Department of Medical Physics, University of Wisconsin School of Medicine and Public Health, University of Wisconsin-Madison, Madison, WI 53706, United States of America. Department of Electrical and Computer Engineering, University of Wisconsin-Madison, Madison, WI 53706, United States of America. Author to whom any correspondence should be addressed.
Phys Med Biol. 2020 Mar 19;65(6):065008. doi: 10.1088/1361-6560/ab735f.
Ultrasound strain imaging utilizes radio-frequency (RF) ultrasound echo signals to estimate the relative elasticity of tissue under deformation. Due to the diagnostic value inherent in tissue elasticity, ultrasound strain imaging has found widespread clinical and preclinical applications. Accurate displacement estimation using pre and post-deformation RF signals is a crucial first step to derive high quality strain tensor images. Incorporating regularization into the displacement estimation framework is a commonly employed strategy to improve estimation accuracy and precision. In this work, we propose an adaptive variation of the iterative Bayesian regularization scheme utilizing RF similarity metric signal-to-noise ratio previously proposed by our group. The regularization scheme is incorporated into a 2D multi-level block matching (BM) algorithm for motion estimation. Adaptive nature of our algorithm is attributed to the dynamic variation of iteration number based on the normalized cross-correlation (NCC) function quality and a similarity measure between pre-deformation and motion compensated post-deformation RF signals. The proposed method is validated for either quasi-static and cardiac elastography or strain imaging applications using uniform and inclusion phantoms and canine cardiac deformation simulation models. Performance of adaptive Bayesian regularization was compared to conventional NCC and Bayesian regularization with fixed number of iterations. Results from uniform phantom simulation study show significant improvement in lateral displacement and strain estimation accuracy. For instance, at 1.5% lateral strain in a uniform phantom, Bayesian regularization with five iterations incurred a lateral strain error of 104.49%, which was significantly reduced using our adaptive approach to 27.51% (p < 0.001). Contrast-to-noise (CNR ) ratios obtained from inclusion phantom indicate improved lesion detectability for both axial and lateral strain images.

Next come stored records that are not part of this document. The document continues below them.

lemma Q_lin_indep_one_and_roots:
  fixes p :: "rat poly" and x1 x2 x3 :: real and s :: rat
  assumes irr: "irreducible p" and deg: "2 < degree p"
    and roots: "\<And>x. x \<in> {x1, x2, x3} \<Longrightarrow>
      poly (map_poly of_rat p) x = 0 \<and> poly (map_poly of_rat p) (- x) = 0"
    and prod: "x1 * x2 * x3 = 1" and sq_sum: "x1^2 + x2^2 + x3^2 = of_rat s"
  shows "Q_lin_indep {1, x1, x2, x3}"
proof (rule Q_lin_indep_four)
  fix a b1 b2 b3 :: rat
  assume "of_rat a * 1 + of_rat b1 * x1 + of_rat b2 * x2 + of_rat b3 * x3 = 0"
  then have rel: "of_rat a + of_rat b1 * x1 + of_rat b2 * x2 + of_rat b3 * x3 = 0" by simp
  have "a * b1 = 0 \<and> b2 * b3 = 0"
    using linear_relation_products_eq_0[OF irr deg _ _ prod sq_sum rel] roots by simp
  moreover have "a * b2 = 0 \<and> b1 * b3 = 0"
    using linear_relation_products_eq_0[OF irr deg, of x2 x1 x3 s a b2 b1 b3] roots prod sq_sum rel
    by (simp add: algebra_simps)
  moreover have "a * b3 = 0 \<and> b1 * b2 = 0"
    using linear_relation_products_eq_0[OF irr deg, of x3 x1 x2 s a b3 b1 b2] roots prod sq_sum rel
    by (simp add: algebra_simps)
  moreover have "x1 \<noteq> 0" "x2 \<noteq> 0" "x3 \<noteq> 0" using prod by auto
  ultimately show "a = 0 \<and> b1 = 0 \<and> b2 = 0 \<and> b3 = 0" using rel by auto
qed

definition dss_sextic :: "nat \<Rightarrow> nat \<Rightarrow> real \<Rightarrow> real" where
  "dss_sextic l m x = x^6 - real (l + m + 3) * x^4 + real (l * m + l + m + 3) * x^2 - 1"

lemma cubic_vieta:
  fixes y1 y2 y3 s t :: "'a::field"
  assumes roots: "\<And>y. y \<in> {y1, y2, y3} \<Longrightarrow> y^3 - s * y^2 + t * y - 1 = 0"
    and distinct: "y1 \<noteq> y2" "y1 \<noteq> y3" "y2 \<noteq> y3"
  shows "y1 + y2 + y3 = s" and "y1 * y2 * y3 = 1"
    and "\<And>z. z^3 - s * z^2 + t * z - 1 = (z - y1) * (z - y2) * (z - y3)"
proof -
  have r1: "y1^3 - s * y1^2 + t * y1 - 1 = 0" and r2: "y2^3 - s * y2^2 + t * y2 - 1 = 0"
    and r3: "y3^3 - s * y3^2 + t * y3 - 1 = 0"
    using roots by simp_all
  have "(y1 - y2) * (y1^2 + y1 * y2 + y2^2 - s * (y1 + y2) + t) = 0"
    using r1 r2 by (simp add: algebra_simps power2_eq_square power3_eq_cube)
  then have q12: "y1^2 + y1 * y2 + y2^2 - s * (y1 + y2) + t = 0" using distinct by simp
  have "(y1 - y3) * (y1^2 + y1 * y3 + y3^2 - s * (y1 + y3) + t) = 0"
    using r1 r3 by (simp add: algebra_simps power2_eq_square power3_eq_cube)
  then have q13: "y1^2 + y1 * y3 + y3^2 - s * (y1 + y3) + t = 0" using distinct by simp
  have "(y2 - y3) * (y1 + y2 + y3 - s)
      = (y1^2 + y1 * y2 + y2^2 - s * (y1 + y2) + t) - (y1^2 + y1 * y3 + y3^2 - s * (y1 + y3) + t)"
    by (simp add: algebra_simps power2_eq_square)
  then have "(y2 - y3) * (y1 + y2 + y3 - s) = 0" using q12 q13 by simp
  then show sum: "y1 + y2 + y3 = s" using distinct by simp
  have pairs: "y1 * y2 + y1 * y3 + y2 * y3 = t"
    using q12 sum[symmetric] by (simp add: algebra_simps power2_eq_square)
  have "y1^3 - s * y1^2 + t * y1 - y1 * y2 * y3 = 0"
    unfolding sum[symmetric] pairs[symmetric] by (simp add: algebra_simps power2_eq_square power3_eq_cube)
  then show prod: "y1 * y2 * y3 = 1" using r1 by simp
  show "z^3 - s * z^2 + t * z - 1 = (z - y1) * (z - y2) * (z - y3)" for z
    unfolding sum[symmetric] pairs[symmetric] prod[symmetric]
    by (simp add: algebra_simps power2_eq_square power3_eq_cube)
qed

lemma dss_cubic_roots:
  fixes L M :: real
  assumes L: "1 \<le> L" and M: "1 \<le> M"
  obtains y1 y2 y3 where "0 < y1" "y1 < 1" "1 < y2" "y2 < 1 + L" "1 + L < y3"
    and "\<And>y. y \<in> {y1, y2, y3} \<Longrightarrow> y^3 - (L + M + 3) * y^2 + (L * M + L + M + 3) * y - 1 = 0"
proof -
  define P where "P y = y^3 - (L + M + 3) * y^2 + (L * M + L + M + 3) * y - 1" for y
  have cont: "continuous_on A P" for A unfolding P_def by (intro continuous_intros)
  have P0: "P 0 < 0" unfolding P_def by simp
  have P1: "0 < P 1"
    using L M mult_mono[of 1 L 1 M] unfolding P_def by (simp add: algebra_simps)
  have P2: "P (1 + L) < 0"
    using L unfolding P_def by (simp add: algebra_simps power2_eq_square power3_eq_cube)
  have "0 \<le> L * M" using L M by simp
  with L M have "1 < (L * M + L + M + 3) * (L + M + 3)" by (intro less_1_mult) linarith+
  moreover have "P (L + M + 3) = (L * M + L + M + 3) * (L + M + 3) - 1"
    unfolding P_def by (simp add: algebra_simps power2_eq_square power3_eq_cube)
  ultimately have P3: "0 < P (L + M + 3)" by simp
  obtain y1 where y1: "0 \<le> y1" "y1 \<le> 1" "P y1 = 0"
    using IVT'[of P 0 0 1] P0 P1 cont by auto
  obtain y2 where y2: "1 \<le> y2" "y2 \<le> 1 + L" "P y2 = 0"
    using IVT2'[of P "1 + L" 0 1] P1 P2 cont L by auto
  obtain y3 where y3: "1 + L \<le> y3" "y3 \<le> L + M + 3" "P y3 = 0"
    using IVT'[of P "1 + L" 0 "L + M + 3"] P2 P3 cont L M by auto
  show ?thesis
  proof (rule that[of y1 y2 y3])
    show "0 < y1" "y1 < 1" "1 < y2" "y2 < 1 + L" "1 + L < y3"
      using y1 y2 y3 P0 P1 P2 by (auto simp: less_le)
    show "y^3 - (L + M + 3) * y^2 + (L * M + L + M + 3) * y - 1 = 0" if "y \<in> {y1, y2, y3}" for y
      using that y1 y2 y3 unfolding P_def by auto
  qed
qed

lemma dss_sextic_factorization:
  fixes l m :: nat
  assumes "1 \<le> l" and "1 \<le> m"
  obtains x1 x2 x3 :: real where "0 < x1" "0 < x2" "0 < x3"
    and "x1 * x2 * x3 = 1" and "x1^2 + x2^2 + x3^2 = real (l + m + 3)"
    and "\<And>x. dss_sextic l m x = (x^2 - x1^2) * (x^2 - x2^2) * (x^2 - x3^2)"
proof -
  obtain y1 y2 y3 where y: "0 < y1" "y1 < 1" "1 < y2" "y2 < 1 + real l" "1 + real l < y3"
    and roots: "\<And>y. y \<in> {y1, y2, y3} \<Longrightarrow>
      y^3 - (real l + real m + 3) * y^2 + (real l * real m + real l + real m + 3) * y - 1 = 0"
    using dss_cubic_roots[of "real l" "real m"] assms by auto
  have "y1 \<noteq> y2" "y1 \<noteq> y3" "y2 \<noteq> y3" using y by auto
  note vieta = cubic_vieta[OF roots this]
  show ?thesis
  proof (rule that[of "sqrt y1" "sqrt y2" "sqrt y3"])
    show "0 < sqrt y1" "0 < sqrt y2" "0 < sqrt y3" using y by auto
    show "sqrt y1 * sqrt y2 * sqrt y3 = 1" using vieta(2) by (simp add: real_sqrt_mult[symmetric])
    show "(sqrt y1)^2 + (sqrt y2)^2 + (sqrt y3)^2 = real (l + m + 3)" using vieta(1) y by simp
    show "dss_sextic l m x = (x^2 - (sqrt y1)^2) * (x^2 - (sqrt y2)^2) * (x^2 - (sqrt y3)^2)" for x
      using vieta(3)[of "x^2"] y by (simp add: dss_sextic_def power_mult[symmetric])
  qed
qed

lemma dss_edge_less: "dss_edge l m u w \<Longrightarrow> w < dss_num_vertices l m"
  by (auto simp: dss_edge_def dss_arc_def dss_num_vertices_def)

lemma dss_adj_mult_vec_nth:
  assumes "v \<in> carrier_vec (dss_num_vertices l m)" and "u < dss_num_vertices l m"
  shows "(dss_adj l m *\<^sub>v v) $ u = (\<Sum>w | dss_edge l m u w. v $ w)"
proof -
  let ?n = "dss_num_vertices l m"
  have "(dss_adj l m *\<^sub>v v) $ u = (\<Sum>w<?n. if dss_edge l m u w then v $ w else 0)"
    using assms unfolding dss_adj_def
    by (auto simp: mult_mat_vec_def scalar_prod_def lessThan_atLeast0 intro!: sum.cong)
  also have "\<dots> = (\<Sum>w | w < ?n \<and> dss_edge l m u w. v $ w)"
    by (simp add: sum.If_cases Collect_conj_eq lessThan_def Int_commute)
  also have "{w. w < ?n \<and> dss_edge l m u w} = {w. dss_edge l m u w}"
    using dss_edge_less by blast
  finally show ?thesis .
qed

lemma dss_neighbours_centre_left:
  "{w. dss_edge l m 0 w} = insert 1 ((\<lambda>i. 2 + 2 * i) ` {..<l})"
  unfolding dss_edge_def dss_arc_def by (auto; presburger)

lemma dss_neighbours_centre_right:
  "{w. dss_edge l m 1 w} = insert 0 ((\<lambda>j. 2 + 2 * l + 2 * j) ` {..<m})"
  unfolding dss_edge_def dss_arc_def by (auto; presburger)

lemma dss_neighbours_left_inner:
  "i < l \<Longrightarrow> {w. dss_edge l m (2 + 2 * i) w} = {0, 3 + 2 * i}"
  unfolding dss_edge_def dss_arc_def by (auto; presburger)

lemma dss_neighbours_left_leaf:
  "i < l \<Longrightarrow> {w. dss_edge l m (3 + 2 * i) w} = {2 + 2 * i}"
  unfolding dss_edge_def dss_arc_def by (auto; presburger)

lemma dss_neighbours_right_inner:
  "j < m \<Longrightarrow> {w. dss_edge l m (2 + 2 * l + 2 * j) w} = {1, 3 + 2 * l + 2 * j}"
  unfolding dss_edge_def dss_arc_def by (auto; presburger)

lemma dss_neighbours_right_leaf:
  "j < m \<Longrightarrow> {w. dss_edge l m (3 + 2 * l + 2 * j) w} = {2 + 2 * l + 2 * j}"
  unfolding dss_edge_def dss_arc_def by (auto; presburger)

lemma dss_vertex_cases:
  assumes "u < dss_num_vertices l m"
  obtains "u = 0" | "u = 1"
    | i where "i < l" "u = 2 + 2 * i" | i where "i < l" "u = 3 + 2 * i"
    | j where "j < m" "u = 2 + 2 * l + 2 * j" | j where "j < m" "u = 3 + 2 * l + 2 * j"
proof -
  have "u \<le> 1 \<or> (\<exists>r. u = 2 + 2 * r \<or> u = 3 + 2 * r)" by presburger
  then consider "u \<le> 1" | r where "u = 2 + 2 * r \<or> u = 3 + 2 * r" by blast
  then show ?thesis
  proof cases
    case 1
    then show ?thesis using that(1,2) by linarith
  next
    case (2 r)
    show ?thesis
    proof (cases "r < l")
      case True
      then show ?thesis using 2 that(3,4) by blast
    next
      case False
      then have "r - l < m" "r = l + (r - l)"
        using 2 assms by (auto simp: dss_num_vertices_def)
      then show ?thesis using 2 that(5,6) by (metis add.assoc distrib_left)
    qed
  qed
qed

locale dss_eigenfunction =
  fixes l m :: nat and k :: real and f :: "nat \<Rightarrow> real"
  assumes neighbour_sum:
    "\<And>u. u < dss_num_vertices l m \<Longrightarrow> (\<Sum>w | dss_edge l m u w. f w) = k * f u"
begin

lemma left_arm:
  assumes "i < l"
  shows "(k^2 - 1) * f (3 + 2 * i) = f 0" and "(k^2 - 1) * f (2 + 2 * i) = k * f 0"
proof -
  have "3 + 2 * i < dss_num_vertices l m" "2 + 2 * i < dss_num_vertices l m"
    using assms by (simp_all add: dss_num_vertices_def)
  from this[THEN neighbour_sum] have "f (2 + 2 * i) = k * f (3 + 2 * i)"
    and "f 0 + f (3 + 2 * i) = k * f (2 + 2 * i)"
    unfolding dss_neighbours_left_leaf[OF assms] dss_neighbours_left_inner[OF assms] by simp_all
  then show leaf: "(k^2 - 1) * f (3 + 2 * i) = f 0"
    by (simp add: algebra_simps power2_eq_square)
  from \<open>f (2 + 2 * i) = k * f (3 + 2 * i)\<close>
  have "(k^2 - 1) * f (2 + 2 * i) = k * ((k^2 - 1) * f (3 + 2 * i))" by simp
  with leaf show "(k^2 - 1) * f (2 + 2 * i) = k * f 0" by simp

qed

lemma right_arm:
  assumes "j < m"
  shows "(k^2 - 1) * f (3 + 2 * l + 2 * j) = f 1" and "(k^2 - 1) * f (2 + 2 * l + 2 * j) = k * f 1"
proof -
  have "3 + 2 * l + 2 * j < dss_num_vertices l m" "2 + 2 * l + 2 * j < dss_num_vertices l m"
    using assms by (simp_all add: dss_num_vertices_def)
  from this[THEN neighbour_sum] have "f (2 + 2 * l + 2 * j) = k * f (3 + 2 * l + 2 * j)"
    and "f 1 + f (3 + 2 * l + 2 * j) = k * f (2 + 2 * l + 2 * j)"
    unfolding dss_neighbours_right_leaf[OF assms] dss_neighbours_right_inner[OF assms] by simp_all
  then show leaf: "(k^2 - 1) * f (3 + 2 * l + 2 * j) = f 1"
    by (simp add: algebra_simps power2_eq_square)
  from \<open>f (2 + 2 * l + 2 * j) = k * f (3 + 2 * l + 2 * j)\<close>
  have "(k^2 - 1) * f (2 + 2 * l + 2 * j) = k * ((k^2 - 1) * f (3 + 2 * l + 2 * j))" by simp
  with leaf show "(k^2 - 1) * f (2 + 2 * l + 2 * j) = k * f 1" by simp

qed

For instance, at 1.5% lateral strain, Bayesian regularization with five iterations had lateral CNR of -0.31 dB which was significantly increased using the adaptive approach to 7.42 dB (p < 0.001). Similar results are seen with cardiac deformation modelling with improvement in myocardial strain images. In vivo feasibility was also demonstrated using data from a healthy murine heart. Overall, the proposed method makes Bayesian regularization robust for clinical and preclinical applications.
超声应变成像利用射频 (RF) 超声回波信号来估计组织在变形下的相对弹性。由于组织弹性具有诊断价值,因此超声应变成像已在临床和临床前得到广泛应用。使用变形前后的 RF 信号准确估计位移是获得高质量应变成像的关键第一步。在位移估计框架中引入正则化是提高估计准确性和精度的常用策略。在这项工作中,我们提出了一种基于我们小组先前提出的 RF 相似性度量信噪比的迭代贝叶斯正则化方案的自适应变体。该正则化方案被纳入用于运动估计的 2D 多级块匹配 (BM) 算法中。我们算法的自适应性质归因于基于归一化互相关 (NCC) 函数质量和预变形与运动补偿后变形 RF 信号之间的相似性度量的迭代次数的动态变化。该方法使用均匀和包含体模以及犬心脏变形模拟模型,针对准静态和心脏弹性成像或应变成像应用进行了验证。将自适应贝叶斯正则化的性能与具有固定迭代次数的传统 NCC 和贝叶斯正则化进行了比较。均匀体模模拟研究的结果表明,横向位移和应变估计精度有了显著提高。例如,在均匀体模中,具有五个迭代的贝叶斯正则化会导致横向应变误差为 104.49%,而使用我们的自适应方法可将其显著降低至 27.51%(p < 0.001)。包含体模的对比度噪声比 (CNR) 表明,轴向和横向应变图像的病变检测能力得到了提高。例如,在 1.5%的横向应变下,具有五个迭代的贝叶斯正则化的横向 CNR 为-0.31dB,而使用自适应方法可将其显著提高至 7.42dB(p < 0.001)。在心脏变形建模中也观察到类似的结果,心肌应变图像得到了改善。体内可行性也使用健康鼠心的数据进行了证明。总体而言,该方法使贝叶斯正则化对于临床和临床前应用具有鲁棒性。